=== AIM OF THE TASK ===
Go through the entries below and copy each line that holds the word "ultimately".

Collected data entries
text \<open>The optimality condition at a minimiser \<open>Y0\<close>, tested on the rank-one density matrices,
  says exactly that this matrix is positive semidefinite.\<close>
lemma penalty_minimizer_certificate_nonneg:
  assumes "finite V" and Y0: "Y0 \<in> density_matrices V"
    and min: "\<And>Y. Y \<in> density_matrices V
      \<Longrightarrow> penalty_pairing V E p c Y0 Y0 \<le> penalty_pairing V E p c Y Y"
    and pos: "0 < penalty_pairing V E p c Y0 Y0" and less: "theta_obj V p Y0 < c"
  shows "0 \<le> quad_form V (\<lambda>i j. (if i = j then c else 0) - sqrt (p i) * sqrt (p j)
             + of_bool (compl_edges V E i j) * Y0 (i, j) / (c - theta_obj V p Y0)) z"
    (is "0 \<le> quad_form V ?M z")
proof (cases "(\<Sum>k\<in>V. (z k)\<^sup>2) = 0")
  case True
  then have "\<forall>k\<in>V. z k = 0" using assms(1) by (simp add: sum_nonneg_eq_0_iff)
  then show ?thesis by (simp add: quad_form_def)
next
  case False
  then have N: "0 < (\<Sum>k\<in>V. (z k)\<^sup>2)" by (simp add: order_less_le sum_nonneg)
  let ?Yz = "\<lambda>(i, j). if i \<in> V \<and> j \<in> V then z i * z j / (\<Sum>k\<in>V. (z k)\<^sup>2) else 0"
  have "0 < (\<Sum>k\<in>V. (z k)\<^sup>2) * penalty_pairing V E p c Y0 Y0" using N pos by simp
  also have "\<dots> \<le> (\<Sum>k\<in>V. (z k)\<^sup>2) * penalty_pairing V E p c Y0 ?Yz"
    using N penalty_minimizer_variational[OF Y0 min rank_one_density_matrix[OF assms(1) N]]
    by (simp add: mult_left_mono)
  also have "\<dots> = (c - theta_obj V p Y0) * quad_form V ?M z"
    using quad_form_certificate[OF assms(1) N] less by simp
  finally show ?thesis using less by (simp add: zero_less_mult_iff)
qed

lemma theta_bounded_certificate:
  assumes G: "simple_graph V E" and "V \<noteq> {}" "0 < \<epsilon>" and p: "\<forall>i\<in>V. 0 \<le> p i"
    and bounded: "\<forall>Y\<in>theta_feasible V E. theta_obj V p Y \<le> 1"
  shows "\<exists>M. psd_on V M \<and> (\<forall>i\<in>V. M i i = 1 + \<epsilon> - p i)
           \<and> (\<forall>i\<in>V. \<forall>j\<in>V. E i j \<longrightarrow> M i j = - (sqrt (p i) * sqrt (p j)))"
proof -
  have fin: "finite V" using G by (simp add: simple_graph_def)
  define c where "c = 1 + \<epsilon>"
  have "1 < c" using assms(3) by (simp add: c_def)
  obtain Y0 where Y0: "Y0 \<in> density_matrices V"
    and min: "\<And>Y. Y \<in> density_matrices V
      \<Longrightarrow> penalty_pairing V E p c Y0 Y0 \<le> penalty_pairing V E p c Y Y"
    using penalty_minimizer_exists[OF fin assms(2)] by blast
  have less: "theta_obj V p Y0 < c"
    using penalty_minimizer_theta_less[OF fin assms(2) \<open>1 < c\<close> bounded Y0 min] .
  have pos: "0 < penalty_pairing V E p c Y0 Y0"
    using penalty_pairing_self_pos[OF fin Y0] bounded \<open>1 < c\<close> by force
  define M where "M i j = (if i = j then c else 0) - sqrt (p i) * sqrt (p j)
      + of_bool (compl_edges V E i j) * Y0 (i, j) / (c - theta_obj V p Y0)" for i j
  have "0 \<le> quad_form V M z" for z
    unfolding M_def by (rule penalty_minimizer_certificate_nonneg[OF fin Y0 min pos less])
  moreover have "M i j = M j i" for i j
  proof -
    have "Y0 (i, j) = Y0 (j, i)" using Y0 by (simp add: density_matrices_def psd_on_def)
    moreover have "compl_edges V E i j = compl_edges V E j i"
      using G by (auto simp: compl_edges_def simple_graph_def)
    ultimately show ?thesis by (simp add: M_def mult.commute)
  qed
  moreover have "M i i = 1 + \<epsilon> - p i" if "i \<in> V" for i
    using p that by (simp add: M_def c_def compl_edges_def)
  moreover have "M i j = - (sqrt (p i) * sqrt (p j))" if "E i j" for i j
    using G that by (auto simp: M_def compl_edges_def simple_graph_def)
  ultimately show ?thesis unfolding psd_on_def by blast
qed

=== RESPONSE BELOW ===
    ultimately show ?thesis by (simp add: M_def mult.commute)
  ultimately show ?thesis unfolding psd_on_def by blast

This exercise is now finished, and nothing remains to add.